G.C.  Hi, thanks for that.  which question was it ?

 

your response was VERY helpful.  In a months time I have to present a paper at the annual ******* conference so I had to put my thesis/consciousness stuff on hold till I’m done with that.

The paper I’ll be writing will propose a bridge between posthumanism and hypertextuality, posing hypertextuality (and non linear ways of thinking) as a possible mode of being for future generations who will be immersed in hypertextual technology such as the net and other electronic media.

 

I have not however given up on the consciousness issue and will resume my engaging with your work once this hurdle is overcome. 

 

Thanks for your interest and help.

 

G.C.



 

 

#2.  The following is a set of excerpts from an anonymous reviewer for the Journal of Consciousness Studies in response to one of my submissions.  I was frankly unable to properly respond in the time frame as I am not merely citing or enlarging someone else’s theories, but must frame original ideas to meet specific questions and this is harder than you think.  His critique would clearly apply to anyone else with views similar to mine.  I will simply quote his comments verbatim and interleave short answers to his objections.

 

“No dent has yet been made, however, on the problems of consciousness as they are likely to be perceived by the readers of JCS (including myself).  The adoption of a non-representational position shifts the locus of these problems.  Given that I have a world consisting of perceptual and conceptual objects (i.e. operational constructs) which I denote by terms such as 'trees', 'despair', 'redness', 'brains' etc, is it possible to envisage how [the] last mentioned of these constructs", [the brain], "could itself embody a world analogous to that of my own?” 

 

(Short form answer:  It is in fact quite possible through the Edelman/Freeman/Merleau-Ponty feedback loop described in the “Mind: the Argument…” paper.  The key concept is “reafferance”.  See the appendix to that paper.  A pictorial version of this answer is contained in that paper, and exists on my web site as “A Compound Perspective: Freeman and Beyond”.  Reafferance allows preexisting cortical objects to be reused, (as “a-d converters” so to speak, and reaffirmed), by subsequent feedback leading to more sophisticated response and comparison with theoretical predictions.
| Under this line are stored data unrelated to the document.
lemma centered_indep_family_PiM:
  assumes P: "prob_space P" and f: "f \<in> borel_measurable P" "integrable P (\<lambda>x. f x ^ 4)"
    and mean: "(\<integral>x. f x \<partial>P) = 0"
  shows "centered_indep_family (PiM I (\<lambda>_. P)) (\<lambda>i x. f (x i)) I
    (\<integral>x. f x ^ 2 \<partial>P) (\<integral>x. f x ^ 4 \<partial>P)"
proof -
  interpret prob_space "PiM I (\<lambda>_. P)" using P by (rule prob_space_PiM)
  have "indep_vars (\<lambda>_. P) (\<lambda>i x. x i) I" using P by (rule indep_vars_PiM_components)
  then have "indep_vars (\<lambda>_. borel) (\<lambda>i x. f (x i)) I"
    by (rule indep_vars_compose2) (rule f(1))
  moreover have component: "(\<integral>x. g (f (x i)) \<partial>PiM I (\<lambda>_. P)) = (\<integral>x. g (f x) \<partial>P)"
    "integrable (PiM I (\<lambda>_. P)) (\<lambda>x. g (f (x i))) \<longleftrightarrow> integrable P (\<lambda>x. g (f x))"
    if "i \<in> I" "g \<in> borel_measurable borel" for i and g :: "real \<Rightarrow> real"
    using f(1) that
    by (intro integral_PiM_component integrable_PiM_component_iff P
        measurable_compose[OF f(1)]; simp)+
  ultimately show ?thesis
  proof unfold_locales
    fix i assume "i \<in> I"
    from component[OF this, of "\<lambda>x. x"] component[OF this, of "\<lambda>x. x ^ 2"]
      component[OF this, of "\<lambda>x. x ^ 4"]
    show "integrable (PiM I (\<lambda>_. P)) (\<lambda>x. f (x i) ^ 4)"
      and "expectation (\<lambda>x. f (x i)) = 0"
      and "expectation (\<lambda>x. f (x i) ^ 2) = (\<integral>x. f x ^ 2 \<partial>P)"
      and "expectation (\<lambda>x. f (x i) ^ 4) = (\<integral>x. f x ^ 4 \<partial>P)"
      using f(2) mean by simp_all
  qed
qed

section \<open>Uniform resampling\<close>

definition empirical_central_moment :: "nat \<Rightarrow> nat \<Rightarrow> (nat \<Rightarrow> real) \<Rightarrow> real" where
  "empirical_central_moment p n L = central_power_sum p {1..n} L / n"

lemma Unif_eq_Pi_pmf:
  assumes "n \<ge> 1"
  shows "Unif m n = measure_pmf (Pi_pmf {1..m} undefined (\<lambda>_. pmf_of_set {1..n}))"
proof -
  have "Ufuns m n = PiE_dflt {1..m} undefined (\<lambda>_. {1..n})"
    by (auto simp: Ufuns_def PiE_dflt_def PiE_def extensional_def)
  then show ?thesis using assms by (simp add: Unif_def Pi_pmf_of_set)
qed

lemma centered_indep_family_Unif:
  assumes n: "n \<ge> 1"
  shows "centered_indep_family (Unif m n) (\<lambda>i u. L (u i) - power_sum 1 {1..n} L / n) {1..m}
    (empirical_central_moment 2 n L) (empirical_central_moment 4 n L)"
proof -
  define c where "c = power_sum 1 {1..n} L / n"
  let ?P = "Pi_pmf {1..m} undefined (\<lambda>_. pmf_of_set {1..n})"
  have "prob_space.indep_vars ?P (\<lambda>_. count_space UNIV) (\<lambda>i u. u i) {1..m}"
    by (rule indep_vars_Pi_pmf) simp
  then have "prob_space.indep_vars ?P (\<lambda>_. borel) (\<lambda>i u. L (u i) - c) {1..m}"
    by (rule prob_space.indep_vars_compose2[OF prob_space_measure_pmf _,
        where Y="\<lambda>_ j. L j - c"]) simp
  moreover have component: "(\<integral>u. g (u i) \<partial>measure_pmf ?P) = (\<Sum>j=1..n. g j) / n"
    if "i \<in> {1..m}" for i and g :: "nat \<Rightarrow> real"
  proof -
    have "(\<integral>u. g (u i) \<partial>measure_pmf ?P) = (\<integral>j. g j \<partial>measure_pmf (map_pmf (\<lambda>u. u i) ?P))"
      by (simp add: integral_map_pmf)
    also have "map_pmf (\<lambda>u. u i) ?P = pmf_of_set {1..n}"
      using that by (simp add: Pi_pmf_component)
    finally show ?thesis
      using n by (simp add: integral_pmf_of_set)
  qed
  moreover have "finite (set_pmf ?P)"
    using n by (auto simp: set_Pi_pmf)
  ultimately have "centered_indep_family ?P (\<lambda>i u. L (u i) - c) {1..m}
      (empirical_central_moment 2 n L) (empirical_central_moment 4 n L)"
  proof unfold_locales
    fix i assume "i \<in> {1..m}"
    from component[OF this, of "\<lambda>j. L j - c"] component[OF this, of "\<lambda>j. (L j - c) ^ 2"]
      component[OF this, of "\<lambda>j. (L j - c) ^ 4"]
    show "measure_pmf.expectation ?P (\<lambda>u. L (u i) - c) = 0"
      and "measure_pmf.expectation ?P (\<lambda>u. (L (u i) - c) ^ 2) = empirical_central_moment 2 n L"
      and "measure_pmf.expectation ?P (\<lambda>u. (L (u i) - c) ^ 4) = empirical_central_moment 4 n L"
      using n by (simp_all add: empirical_central_moment_def central_power_sum_def c_def
        power_sum_def sum_subtractf)
  qed (auto simp: integrable_measure_pmf_finite)
  then show ?thesis using n by (simp add: Unif_eq_Pi_pmf c_def)
qed

lemma integrable_Unif: "n \<ge> 1 \<Longrightarrow> integrable (Unif m n) (f :: _ \<Rightarrow> real)"
  unfolding Unif_eq_Pi_pmf by (intro integrable_measure_pmf_finite) (auto simp: set_Pi_pmf)

lemma
  assumes n: "n \<ge> 1" and m: "m \<ge> 2"
  shows EU_eq: "EU m n L = empirical_central_moment 2 n L"
    and VarU_eq: "VarU m n L = empirical_central_moment 4 n L / m
      + (3 - real m) / (real m * (real m - 1)) * empirical_central_moment 2 n L ^ 2"
proof -
  interpret U: centered_indep_family "Unif m n" "\<lambda>i u. L (u i) - power_sum 1 {1..n} L / n" "{1..m}"
    "empirical_central_moment 2 n L" "empirical_central_moment 4 n L"
    using n by (rule centered_indep_family_Unif)
  have J: "finite {1..m}" "{1..m} \<subseteq> {1..m}" "{1..m} \<noteq> {}" using m by auto
  have vhat: "vhat m (subsample L u) = U.C 2 {1..m} u / (real m - 1)" for u
    by (simp add: vhat_eq_central_power_sum central_power_sum_shift subsample_def)
  have m1: "real m - 1 > 0" using m by simp
  show EU: "EU m n L = empirical_central_moment 2 n L"
    unfolding EU_def vhat using U.expectation_central_power_sum_2[OF J] m1 by simp
  have int: "integrable (Unif m n) (\<lambda>u. vhat m (subsample L u))"
    "integrable (Unif m n) (\<lambda>u. vhat m (subsample L u) ^ 2)"
    using U.integrable_central_power_sum_2[OF J] U.integrable_central_power_sum_2_sq[OF J]
    by (simp_all add: vhat power_divide)
  have "VarU m n L = U.expectation (\<lambda>u. vhat m (subsample L u) ^ 2) - EU m n L ^ 2"
    unfolding VarU_def EU_def using int by (rule U.variance_eq)
  also have "\<dots> = U.expectation (\<lambda>u. U.C 2 {1..m} u ^ 2) / (real m - 1) ^ 2
      - empirical_central_moment 2 n L ^ 2"
    by (simp add: EU vhat power_divide)
  also have "\<dots> = ((real m - 1) ^ 2 / m * empirical_central_moment 4 n L
      + (real m - 1) * (real m ^ 2 - 2 * real m + 3) / m * empirical_central_moment 2 n L ^ 2)
      / (real m - 1) ^ 2 - empirical_central_moment 2 n L ^ 2"
    using U.expectation_central_power_sum_2_sq[OF J] by simp
  also have "\<dots> = empirical_central_moment 4 n L / m
      + (3 - real m) / (real m * (real m - 1)) * empirical_central_moment 2 n L ^ 2"
    using m1 by (simp add: field_simps) (simp add: algebra_simps power2_eq_square)
  finally show "VarU m n L = empirical_central_moment 4 n L / m
      + (3 - real m) / (real m * (real m - 1)) * empirical_central_moment 2 n L ^ 2" .
qed
(* Let $a$ be a positive integer and define $(U_n)_{n\ge1}$ by $U_1=a$, $U_2=3a$ and $U_{n+2}=U_{n+1}+U_n$ for $n\ge1$. Then $(U_n)$ is exactly realizable.
   Context: For a homeomorphism $f:X\to X$ of a compact metric space $X$, let $\mathrm{Per}_n(f)=\#\{x\in X\mid f^n x=x\}$. A sequence $(U_n)_{n\ge1}$ of non-negative integers is called exactly realizable if there exist a compact metric space $X$ and a homeomorphism $f:X\to X$ with $\mathrm{Per}_n(f)=U_n$ for all $n\ge1$. *)

theory Defs
  imports "HOL-Analysis.Analysis"
begin

definition Per :: "'a metric \<Rightarrow> ('a \<Rightarrow> 'a) \<Rightarrow> nat \<Rightarrow> nat" where
  "Per m f n = card {x \<in> mspace m. (f ^^ n) x = x}"

definition realizes :: "'a metric \<Rightarrow> ('a \<Rightarrow> 'a) \<Rightarrow> (nat \<Rightarrow> nat) \<Rightarrow> bool" where
  "realizes m f U \<longleftrightarrow>
     compact_space (mtopology_of m) \<and>
     homeomorphic_map (mtopology_of m) (mtopology_of m) f \<and>
     (\<forall>n\<ge>1. finite {x \<in> mspace m. (f ^^ n) x = x} \<and> Per m f n = U n)"

text \<open>Every compact metric space has cardinality at most the
  continuum, hence is isometric to a metric space whose carrier is a subset of the reals;
  so quantifying over metric spaces with carrier in type real loses no generality.\<close>
definition exactly_realizable :: "(nat \<Rightarrow> nat) \<Rightarrow> bool" where
  "exactly_realizable U \<longleftrightarrow> (\<exists>(m :: real metric) f. realizes m f U)"

end

theory Submission
  imports Defs
begin

(* The golden mean shift (0-1 sequences with no two consecutive 1s) has exactly L_n points of
   period n, where L_1 = 1, L_2 = 3, L_(n+2) = L_(n+1) + L_n are the Lucas numbers: a sequence of
   period n is the same as a word x_0 ... x_n with x_0 = x_n, and these words are counted by the
   Fibonacci-type recurrence obtained by deleting the first letter. So U_n = a L_n, and the shift
   acting on a disjoint copies of its periodic points, with one fixed point removed, is a
   permutation of a countably infinite set with a L_n - 1 points of period n for every n.
   Numbering that set by the naturals and letting the permutation act on the points 2^-k of the
   compact set {0} \<union> {2^-k} gives a homeomorphism fixing 0: it is continuous at 0 because an
   injective map on the naturals tends to infinity. The fixed point 0 restores the missing point,
   so the homeomorphism has exactly a L_n points of period n. *)

lemma bij_betw_if_periodic:
  assumes maps: "f ` A \<subseteq> A" and periodic: "\<And>x. x \<in> A \<Longrightarrow> \<exists>p>0. (f ^^ p) x = x"
  shows "bij_betw f A A"
proof (rule bij_betw_imageI)
  have funpow_pred: "(f ^^ (m - 1)) (f z) = (f ^^ m) z" if "m > 0" for m z
    using that funpow_Suc_right[of "m - 1" f] by simp
  show "inj_on f A"
  proof (rule inj_onI)
    fix x y assume "x \<in> A" "y \<in> A" "f x = f y"
    obtain p q where "p > 0" "(f ^^ p) x = x" "q > 0" "(f ^^ q) y = y"
      using periodic \<open>x \<in> A\<close> \<open>y \<in> A\<close> by blast
    then have "(f ^^ (p * q)) x = x" "(f ^^ (p * q)) y = y"
      using funpow_mod_eq[where f = f and m = "p * q"] by (metis funpow_0 mod_mult_self2_is_0 mult.commute)+
    then show "x = y"
      using funpow_pred[of "p * q" x] funpow_pred[of "p * q" y] \<open>f x = f y\<close> \<open>p > 0\<close> \<open>q > 0\<close>
      by simp
  qed
  show "f ` A = A"
  proof (intro equalityI maps subsetI)
    fix x assume "x \<in> A"
    then obtain p where "p > 0" "(f ^^ p) x = x" using periodic by blast
    then have "f ((f ^^ (p - 1)) x) = x"
      using funpow_pred by (simp add: funpow_swap1)
    moreover have "(f ^^ n) x \<in> A" for n
      using \<open>x \<in> A\<close> maps by (induction n) auto
    ultimately show "x \<in> f ` A" by (metis image_eqI)
  qed
qed

lemma filterlim_at_top_if_inj:
  fixes g :: "nat \<Rightarrow> nat"
  assumes "inj g"
  shows "filterlim g at_top sequentially"
proof -
  have "\<forall>\<^sub>F k in cofinite. Z \<le> g k" for Z
    using finite_vimageI[OF finite_lessThan assms] by (simp add: eventually_cofinite not_le vimage_def)
  then show ?thesis by (simp add: filterlim_at_top cofinite_eq_sequentially)
qed

section \<open>Extending a permutation of the naturals to a compact space\<close>

definition pow_half :: "nat \<Rightarrow> real" where
  "pow_half k = (1 / 2) ^ k"

lemma pow_half_pos: "pow_half k > 0"
  by (simp add: pow_half_def)

lemma pow_half_neq_0 [simp]: "pow_half k \<noteq> 0" "0 \<noteq> pow_half k"
  using pow_half_pos[of k] by simp_all

lemma pow_half_Suc: "pow_half (Suc k) = pow_half k / 2"
  by (simp add: pow_half_def)

lemma pow_half_le_iff: "pow_half j \<le> pow_half k \<longleftrightarrow> k \<le> j"
  by (simp add: pow_half_def)

lemma pow_half_less_iff: "pow_half j < pow_half k \<longleftrightarrow> k < j"
  by (simp add: pow_half_def)

lemma inj_pow_half: "inj pow_half"
  by (rule injI) (simp add: pow_half_def power_inject_exp')

lemma LIMSEQ_pow_half: "pow_half \<longlonglongrightarrow> 0"
  unfolding pow_half_def[abs_def] by (rule LIMSEQ_power_zero) simp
It does not, however, imply anything further about the absolute world –i.e. ontology.  But how can we describe it thusly?  The thesis of symbolic forms will provide the answer.  (See my Chapter 4.)

 

“If the answer is, no that can't be done,” he answers himself, “because it would involve a fundamental confusion of categories”,

 

(Short form answer -this is a "straw man" argument: I do not in fact answer “no”, but rather “yes” it can be done if we accept Ernst Cassirer’s, (Neo-Kantian), thesis of “Symbolic Forms” which is a scientific thesis of absolute epistemological relativism.   This goes quite beyond Kant’s original conceptions which I presume this critic assumed I held.  Cassirer’s thesis preserves science as organization only while necessarily relegating the ontological object itself to become “a mere X” –i.e. an existent, but unknowable quantity.)

 

“ then we encounter severe difficulties of the "other minds" type of philosophical problem.”

 

( Short form answer:  This is a totally separate subject which I have addressed and will again address later.  Remember: I answered “yes”, not “no”.  We both posit “other minds”: he as deductively logical necessities, myself as necessary components of realist belief, -i.e. of the necessary intentional “axioms” of realism itself which I have expounded).

 

“If, however, it is admitted”, he continues his dialogue with himself,  “that what I call a 'brain' might itself form operational constructs and this might thereby explain what I am myself doing all the time, then are we not back in almost exactly the same place as we started? 

 

(Short form answer:  This is again an instance of ‘reafferance’.  In the Appendix to the “Mind: the Argument…”, I argued that in the brain “reafferance” feeds back through the same loop and the same evolutionary cortical constructs to yield a working tool –i.e. it is a purely pragmatic tool for the non-hierarchical distribution of input.)

 

“Namely, we have to explain how it is that a pattern of neuronal firing can have the attributes that I designate by the word 'tree'. The only gain is that we no longer have the additional problem of hooking it onto a postulated external "real" tree, and this gain may in fact be a loss for those who hold that the real tree may play a role in establishing the qualia of our percepts. “

 

(Short form answer:  The “real tree”, under my thesis would correspond, I think, to something like one of Eleanor Rosch’s “prototypes”.  Those prototypes, I believe, are evolutionarily defined (and pragmatic) cortical constructs.  The problem, which still remains, is how we are able to use such ontological language at all, (e.g. “cortical constructs”).  Cassirer’s theory of “Symbolic Forms” provides a plausible and, for the first time, a truly scientific rationale.  A legitimate counterquestion would ask if the allowance of an actual mind -e.g. a viable Cartesian theatre might be worth the price I asked of him?  Our ordinary world gets strange, I admit, but our mental world begins to be approachable.  But our ordinary world has already gottent quite strange if you are, (he were), to believe the physicists!

 

“I make these remarks not to criticize the author's position, but to sketch out the field into which some inroad must be made if the paper is to become publishable, and not read like an introduction to something else.”

 

I have quoted this intelligent and apparently damning critique to present the profound difficulty of the answer.  I think I can plausibly answer each and every point raised however.  That plausibility, moreover, is much compounded by the plausibility of my prior answers to the specific problems of the mind and of the brain.  These are more plausible answers –even from the perspective of Naturalism- , I think, than any previously suggested.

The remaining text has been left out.